— Data to examine —
··········

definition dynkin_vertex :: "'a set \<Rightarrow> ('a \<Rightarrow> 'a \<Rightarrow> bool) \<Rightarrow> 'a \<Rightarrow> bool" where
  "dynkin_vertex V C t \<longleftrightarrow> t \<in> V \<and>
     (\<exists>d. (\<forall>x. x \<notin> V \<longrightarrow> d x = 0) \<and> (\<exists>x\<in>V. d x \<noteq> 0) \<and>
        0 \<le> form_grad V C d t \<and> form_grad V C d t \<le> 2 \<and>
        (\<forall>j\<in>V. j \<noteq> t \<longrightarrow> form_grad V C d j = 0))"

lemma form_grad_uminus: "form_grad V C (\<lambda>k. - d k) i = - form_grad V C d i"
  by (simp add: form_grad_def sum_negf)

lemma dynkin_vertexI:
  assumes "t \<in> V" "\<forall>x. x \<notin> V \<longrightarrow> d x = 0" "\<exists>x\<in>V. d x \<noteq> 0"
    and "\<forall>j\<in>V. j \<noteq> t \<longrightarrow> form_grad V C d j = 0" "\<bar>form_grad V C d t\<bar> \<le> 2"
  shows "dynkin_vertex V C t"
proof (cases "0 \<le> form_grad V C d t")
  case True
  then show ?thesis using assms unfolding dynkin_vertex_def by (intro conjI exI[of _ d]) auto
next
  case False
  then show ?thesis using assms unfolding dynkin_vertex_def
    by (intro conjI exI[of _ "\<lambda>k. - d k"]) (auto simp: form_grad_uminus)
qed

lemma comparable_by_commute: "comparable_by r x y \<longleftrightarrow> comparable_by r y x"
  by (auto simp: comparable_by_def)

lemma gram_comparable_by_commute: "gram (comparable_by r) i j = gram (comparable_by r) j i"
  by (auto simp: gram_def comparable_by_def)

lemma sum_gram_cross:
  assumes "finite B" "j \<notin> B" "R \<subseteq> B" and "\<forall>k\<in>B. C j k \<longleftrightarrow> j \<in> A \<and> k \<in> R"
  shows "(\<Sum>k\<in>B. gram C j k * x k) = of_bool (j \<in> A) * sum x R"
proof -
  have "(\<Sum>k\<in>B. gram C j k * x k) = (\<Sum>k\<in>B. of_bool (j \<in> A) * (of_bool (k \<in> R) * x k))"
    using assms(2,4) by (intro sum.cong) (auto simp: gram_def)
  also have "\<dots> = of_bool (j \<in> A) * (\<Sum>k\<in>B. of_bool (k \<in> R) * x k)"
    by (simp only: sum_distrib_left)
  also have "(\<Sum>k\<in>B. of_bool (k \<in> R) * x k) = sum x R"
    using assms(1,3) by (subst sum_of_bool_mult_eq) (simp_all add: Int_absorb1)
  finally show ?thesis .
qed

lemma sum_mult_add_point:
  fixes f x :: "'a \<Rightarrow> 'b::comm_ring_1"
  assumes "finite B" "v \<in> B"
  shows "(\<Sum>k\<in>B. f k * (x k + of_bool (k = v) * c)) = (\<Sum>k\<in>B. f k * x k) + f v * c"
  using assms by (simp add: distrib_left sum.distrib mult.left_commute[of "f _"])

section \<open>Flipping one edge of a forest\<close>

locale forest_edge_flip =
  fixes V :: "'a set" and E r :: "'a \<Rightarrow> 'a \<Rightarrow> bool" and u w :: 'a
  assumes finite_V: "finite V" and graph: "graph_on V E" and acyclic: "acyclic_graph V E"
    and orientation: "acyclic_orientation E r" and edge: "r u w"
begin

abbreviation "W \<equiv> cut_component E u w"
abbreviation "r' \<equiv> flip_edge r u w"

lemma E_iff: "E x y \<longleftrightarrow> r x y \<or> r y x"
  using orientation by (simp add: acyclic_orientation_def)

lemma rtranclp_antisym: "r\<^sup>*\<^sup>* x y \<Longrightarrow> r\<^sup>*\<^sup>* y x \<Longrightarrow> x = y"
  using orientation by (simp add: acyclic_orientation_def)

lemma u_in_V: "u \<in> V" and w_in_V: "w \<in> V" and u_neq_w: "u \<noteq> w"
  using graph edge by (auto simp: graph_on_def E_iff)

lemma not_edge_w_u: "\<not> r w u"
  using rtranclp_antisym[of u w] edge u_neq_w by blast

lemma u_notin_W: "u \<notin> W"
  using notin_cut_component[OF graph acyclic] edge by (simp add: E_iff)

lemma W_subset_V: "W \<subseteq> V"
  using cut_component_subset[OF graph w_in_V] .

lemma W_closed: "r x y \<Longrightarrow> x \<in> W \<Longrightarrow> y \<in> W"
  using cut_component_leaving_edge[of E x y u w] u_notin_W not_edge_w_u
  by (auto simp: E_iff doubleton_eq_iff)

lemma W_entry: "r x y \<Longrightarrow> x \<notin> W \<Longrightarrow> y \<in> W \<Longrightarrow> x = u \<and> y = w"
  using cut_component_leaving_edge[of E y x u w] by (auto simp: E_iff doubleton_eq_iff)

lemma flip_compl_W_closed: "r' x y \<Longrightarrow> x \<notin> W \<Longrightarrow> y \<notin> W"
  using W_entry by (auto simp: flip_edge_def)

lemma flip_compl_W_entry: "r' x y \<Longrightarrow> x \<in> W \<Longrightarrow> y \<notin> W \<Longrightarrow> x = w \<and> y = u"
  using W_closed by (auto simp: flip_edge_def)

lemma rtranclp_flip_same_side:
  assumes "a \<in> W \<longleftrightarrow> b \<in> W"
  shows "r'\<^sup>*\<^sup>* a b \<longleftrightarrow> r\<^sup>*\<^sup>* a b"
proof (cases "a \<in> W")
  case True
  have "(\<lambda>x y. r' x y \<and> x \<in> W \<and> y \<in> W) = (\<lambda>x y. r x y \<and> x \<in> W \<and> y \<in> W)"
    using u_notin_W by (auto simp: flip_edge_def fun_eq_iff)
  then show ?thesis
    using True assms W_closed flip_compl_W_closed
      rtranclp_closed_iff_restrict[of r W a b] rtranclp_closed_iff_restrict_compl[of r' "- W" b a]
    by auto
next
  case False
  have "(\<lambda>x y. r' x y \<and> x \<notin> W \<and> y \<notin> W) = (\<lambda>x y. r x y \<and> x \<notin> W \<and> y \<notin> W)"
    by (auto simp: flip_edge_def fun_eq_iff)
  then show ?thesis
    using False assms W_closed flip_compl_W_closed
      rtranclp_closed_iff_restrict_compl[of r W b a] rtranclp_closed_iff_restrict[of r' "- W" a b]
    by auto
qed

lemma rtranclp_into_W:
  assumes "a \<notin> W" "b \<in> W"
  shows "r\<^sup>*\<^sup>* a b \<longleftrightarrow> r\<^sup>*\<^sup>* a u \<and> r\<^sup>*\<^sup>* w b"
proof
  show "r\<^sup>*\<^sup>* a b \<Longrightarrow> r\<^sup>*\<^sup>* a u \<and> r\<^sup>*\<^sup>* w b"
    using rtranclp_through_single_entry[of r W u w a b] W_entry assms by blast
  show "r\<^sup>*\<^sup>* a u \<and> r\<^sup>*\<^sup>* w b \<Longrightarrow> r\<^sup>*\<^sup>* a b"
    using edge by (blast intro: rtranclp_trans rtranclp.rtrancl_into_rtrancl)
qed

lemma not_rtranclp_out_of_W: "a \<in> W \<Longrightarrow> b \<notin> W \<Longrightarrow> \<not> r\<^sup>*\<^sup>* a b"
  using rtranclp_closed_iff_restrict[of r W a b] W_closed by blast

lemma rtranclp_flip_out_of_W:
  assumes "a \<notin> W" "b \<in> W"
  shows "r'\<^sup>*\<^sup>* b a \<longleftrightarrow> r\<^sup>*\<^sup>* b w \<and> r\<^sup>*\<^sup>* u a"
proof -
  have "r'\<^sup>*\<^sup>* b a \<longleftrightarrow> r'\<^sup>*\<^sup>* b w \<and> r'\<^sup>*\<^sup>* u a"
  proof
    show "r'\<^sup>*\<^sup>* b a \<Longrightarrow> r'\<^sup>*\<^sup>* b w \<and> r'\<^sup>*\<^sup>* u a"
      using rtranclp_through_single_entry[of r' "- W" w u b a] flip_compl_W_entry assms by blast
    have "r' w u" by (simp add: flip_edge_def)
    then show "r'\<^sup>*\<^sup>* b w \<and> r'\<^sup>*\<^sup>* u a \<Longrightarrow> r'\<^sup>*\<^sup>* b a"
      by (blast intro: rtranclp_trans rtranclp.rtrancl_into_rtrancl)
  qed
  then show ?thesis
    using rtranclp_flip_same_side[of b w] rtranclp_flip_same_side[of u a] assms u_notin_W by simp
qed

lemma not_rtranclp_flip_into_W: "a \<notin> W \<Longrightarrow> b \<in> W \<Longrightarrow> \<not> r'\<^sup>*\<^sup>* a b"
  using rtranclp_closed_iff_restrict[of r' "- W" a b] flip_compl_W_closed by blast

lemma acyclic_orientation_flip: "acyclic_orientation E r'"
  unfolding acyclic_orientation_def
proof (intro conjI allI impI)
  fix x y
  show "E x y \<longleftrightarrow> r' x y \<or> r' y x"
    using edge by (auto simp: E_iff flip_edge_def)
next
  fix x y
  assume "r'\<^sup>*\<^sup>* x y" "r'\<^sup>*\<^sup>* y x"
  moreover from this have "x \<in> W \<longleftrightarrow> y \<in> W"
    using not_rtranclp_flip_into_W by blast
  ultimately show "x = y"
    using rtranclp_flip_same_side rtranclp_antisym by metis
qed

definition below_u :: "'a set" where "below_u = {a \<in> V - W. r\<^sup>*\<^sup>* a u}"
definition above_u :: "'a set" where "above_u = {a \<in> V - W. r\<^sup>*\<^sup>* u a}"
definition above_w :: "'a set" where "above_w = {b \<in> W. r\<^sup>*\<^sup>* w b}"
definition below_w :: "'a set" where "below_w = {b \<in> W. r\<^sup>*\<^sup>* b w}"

··········

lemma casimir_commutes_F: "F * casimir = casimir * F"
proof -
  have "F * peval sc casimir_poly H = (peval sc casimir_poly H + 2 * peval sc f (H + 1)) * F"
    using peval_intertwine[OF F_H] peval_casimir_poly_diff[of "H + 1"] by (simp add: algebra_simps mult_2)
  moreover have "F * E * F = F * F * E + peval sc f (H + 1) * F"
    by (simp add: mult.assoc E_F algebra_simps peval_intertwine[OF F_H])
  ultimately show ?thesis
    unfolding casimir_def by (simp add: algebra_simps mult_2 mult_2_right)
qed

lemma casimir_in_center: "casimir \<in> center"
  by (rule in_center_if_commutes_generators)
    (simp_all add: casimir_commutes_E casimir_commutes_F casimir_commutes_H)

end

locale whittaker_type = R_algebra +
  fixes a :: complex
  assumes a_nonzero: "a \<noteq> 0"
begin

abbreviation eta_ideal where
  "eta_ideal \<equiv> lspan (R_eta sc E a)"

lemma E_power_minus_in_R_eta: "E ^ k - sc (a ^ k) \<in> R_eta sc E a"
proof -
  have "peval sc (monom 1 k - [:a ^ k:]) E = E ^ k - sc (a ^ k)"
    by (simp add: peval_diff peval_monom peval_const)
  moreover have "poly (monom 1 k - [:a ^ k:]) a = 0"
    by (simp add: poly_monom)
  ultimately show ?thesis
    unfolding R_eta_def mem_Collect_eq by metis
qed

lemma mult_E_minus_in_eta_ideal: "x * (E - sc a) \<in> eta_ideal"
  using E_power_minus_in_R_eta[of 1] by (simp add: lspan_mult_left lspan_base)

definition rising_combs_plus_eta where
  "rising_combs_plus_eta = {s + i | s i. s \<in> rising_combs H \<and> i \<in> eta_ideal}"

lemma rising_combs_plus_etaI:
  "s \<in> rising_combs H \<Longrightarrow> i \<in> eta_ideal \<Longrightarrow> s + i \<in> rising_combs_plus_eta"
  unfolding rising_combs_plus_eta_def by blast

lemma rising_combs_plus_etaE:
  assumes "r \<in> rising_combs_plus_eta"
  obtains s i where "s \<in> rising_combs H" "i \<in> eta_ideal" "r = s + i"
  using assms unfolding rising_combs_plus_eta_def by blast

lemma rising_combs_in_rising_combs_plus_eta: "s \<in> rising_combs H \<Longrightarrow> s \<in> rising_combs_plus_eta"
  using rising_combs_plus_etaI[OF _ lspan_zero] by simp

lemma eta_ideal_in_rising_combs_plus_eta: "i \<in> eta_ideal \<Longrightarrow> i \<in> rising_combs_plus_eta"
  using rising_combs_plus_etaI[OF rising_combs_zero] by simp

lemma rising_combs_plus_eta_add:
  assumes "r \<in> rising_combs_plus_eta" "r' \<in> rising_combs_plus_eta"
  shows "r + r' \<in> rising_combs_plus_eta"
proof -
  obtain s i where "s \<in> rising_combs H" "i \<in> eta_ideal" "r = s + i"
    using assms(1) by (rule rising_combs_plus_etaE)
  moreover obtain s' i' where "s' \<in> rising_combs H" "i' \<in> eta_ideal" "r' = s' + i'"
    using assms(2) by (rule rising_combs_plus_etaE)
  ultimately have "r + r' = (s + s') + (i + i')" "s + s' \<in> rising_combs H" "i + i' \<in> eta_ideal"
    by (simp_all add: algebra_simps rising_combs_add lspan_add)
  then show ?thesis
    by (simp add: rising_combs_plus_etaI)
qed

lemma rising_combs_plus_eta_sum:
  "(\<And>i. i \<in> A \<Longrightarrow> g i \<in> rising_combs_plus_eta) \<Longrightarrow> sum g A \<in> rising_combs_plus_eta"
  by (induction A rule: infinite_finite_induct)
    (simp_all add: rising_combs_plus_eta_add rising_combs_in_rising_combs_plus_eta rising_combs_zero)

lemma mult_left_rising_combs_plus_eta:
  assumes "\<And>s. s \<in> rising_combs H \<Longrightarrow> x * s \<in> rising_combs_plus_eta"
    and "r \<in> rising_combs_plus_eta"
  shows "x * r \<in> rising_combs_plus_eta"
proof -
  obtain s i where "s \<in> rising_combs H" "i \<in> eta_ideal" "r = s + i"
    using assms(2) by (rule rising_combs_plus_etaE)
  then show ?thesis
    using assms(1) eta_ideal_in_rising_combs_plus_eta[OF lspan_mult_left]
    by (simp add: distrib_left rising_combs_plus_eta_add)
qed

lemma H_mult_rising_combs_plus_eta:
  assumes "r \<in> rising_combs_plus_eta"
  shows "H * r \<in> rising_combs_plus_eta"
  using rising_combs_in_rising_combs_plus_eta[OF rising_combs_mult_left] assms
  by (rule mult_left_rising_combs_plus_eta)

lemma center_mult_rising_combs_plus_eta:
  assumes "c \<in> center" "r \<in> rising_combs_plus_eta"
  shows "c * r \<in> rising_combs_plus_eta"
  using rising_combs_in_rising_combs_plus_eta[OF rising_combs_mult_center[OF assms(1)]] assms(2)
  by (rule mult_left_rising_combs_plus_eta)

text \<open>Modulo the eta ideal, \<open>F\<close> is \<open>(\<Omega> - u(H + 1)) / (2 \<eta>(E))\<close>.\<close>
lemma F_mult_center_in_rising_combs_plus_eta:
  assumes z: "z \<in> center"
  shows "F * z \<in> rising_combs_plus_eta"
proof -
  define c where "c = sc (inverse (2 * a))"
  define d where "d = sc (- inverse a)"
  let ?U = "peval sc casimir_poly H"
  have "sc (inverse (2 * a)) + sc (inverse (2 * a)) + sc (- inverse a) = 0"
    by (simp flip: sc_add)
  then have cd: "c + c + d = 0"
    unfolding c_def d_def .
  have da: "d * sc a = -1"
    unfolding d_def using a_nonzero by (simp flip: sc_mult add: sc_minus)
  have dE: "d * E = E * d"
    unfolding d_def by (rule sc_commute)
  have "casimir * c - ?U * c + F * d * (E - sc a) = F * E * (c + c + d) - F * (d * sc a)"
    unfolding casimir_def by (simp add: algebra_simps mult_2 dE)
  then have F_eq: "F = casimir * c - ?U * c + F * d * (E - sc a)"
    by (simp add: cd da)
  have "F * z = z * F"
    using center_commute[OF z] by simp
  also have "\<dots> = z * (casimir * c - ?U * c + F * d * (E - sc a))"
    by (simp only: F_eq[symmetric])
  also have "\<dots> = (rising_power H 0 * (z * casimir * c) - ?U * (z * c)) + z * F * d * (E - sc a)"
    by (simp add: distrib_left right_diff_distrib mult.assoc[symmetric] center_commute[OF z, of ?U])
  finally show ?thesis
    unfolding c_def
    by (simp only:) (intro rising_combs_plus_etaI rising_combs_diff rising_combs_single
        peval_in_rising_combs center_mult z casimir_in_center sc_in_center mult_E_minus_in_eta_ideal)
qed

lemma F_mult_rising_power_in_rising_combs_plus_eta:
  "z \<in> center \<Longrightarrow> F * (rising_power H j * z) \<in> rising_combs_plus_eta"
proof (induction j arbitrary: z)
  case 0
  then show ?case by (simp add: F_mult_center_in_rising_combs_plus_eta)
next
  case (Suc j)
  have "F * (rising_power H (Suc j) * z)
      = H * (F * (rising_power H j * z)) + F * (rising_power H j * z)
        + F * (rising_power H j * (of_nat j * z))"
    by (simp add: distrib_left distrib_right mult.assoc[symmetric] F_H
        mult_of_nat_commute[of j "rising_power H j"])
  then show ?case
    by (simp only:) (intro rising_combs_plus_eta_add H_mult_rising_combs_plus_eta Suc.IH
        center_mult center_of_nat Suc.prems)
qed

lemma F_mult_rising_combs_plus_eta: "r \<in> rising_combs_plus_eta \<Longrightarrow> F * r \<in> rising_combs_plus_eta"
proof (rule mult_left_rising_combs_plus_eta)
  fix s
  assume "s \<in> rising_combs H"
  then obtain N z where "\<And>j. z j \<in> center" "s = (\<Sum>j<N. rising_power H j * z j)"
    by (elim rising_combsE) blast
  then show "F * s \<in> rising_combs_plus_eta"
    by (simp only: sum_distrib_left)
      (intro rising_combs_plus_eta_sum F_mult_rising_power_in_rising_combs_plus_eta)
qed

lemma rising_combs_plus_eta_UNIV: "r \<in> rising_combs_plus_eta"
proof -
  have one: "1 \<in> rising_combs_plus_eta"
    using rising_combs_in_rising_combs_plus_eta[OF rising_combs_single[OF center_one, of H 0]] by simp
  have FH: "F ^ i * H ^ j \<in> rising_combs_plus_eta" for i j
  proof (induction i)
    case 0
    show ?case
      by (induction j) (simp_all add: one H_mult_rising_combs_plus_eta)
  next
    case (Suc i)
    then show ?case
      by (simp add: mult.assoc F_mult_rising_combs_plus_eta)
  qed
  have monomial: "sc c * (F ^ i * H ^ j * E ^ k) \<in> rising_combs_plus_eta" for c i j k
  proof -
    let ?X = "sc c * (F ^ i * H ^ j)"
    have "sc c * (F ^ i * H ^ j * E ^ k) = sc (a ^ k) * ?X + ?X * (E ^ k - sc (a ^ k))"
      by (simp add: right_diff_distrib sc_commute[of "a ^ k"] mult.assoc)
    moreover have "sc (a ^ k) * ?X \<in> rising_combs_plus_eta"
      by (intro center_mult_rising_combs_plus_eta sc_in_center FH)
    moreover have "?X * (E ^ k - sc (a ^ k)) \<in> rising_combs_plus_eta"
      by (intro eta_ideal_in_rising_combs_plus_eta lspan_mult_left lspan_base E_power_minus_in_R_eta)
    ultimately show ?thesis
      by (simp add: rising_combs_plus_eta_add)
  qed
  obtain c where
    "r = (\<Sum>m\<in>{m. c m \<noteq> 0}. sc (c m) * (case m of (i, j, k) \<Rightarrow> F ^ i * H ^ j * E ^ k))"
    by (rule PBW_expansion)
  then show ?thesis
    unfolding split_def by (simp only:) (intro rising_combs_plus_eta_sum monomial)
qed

··········

— Exercise requirements —
Check each line of the entries for the word "assoc". State how many lines hold it, and write nothing else.

— Solution to this problem —
5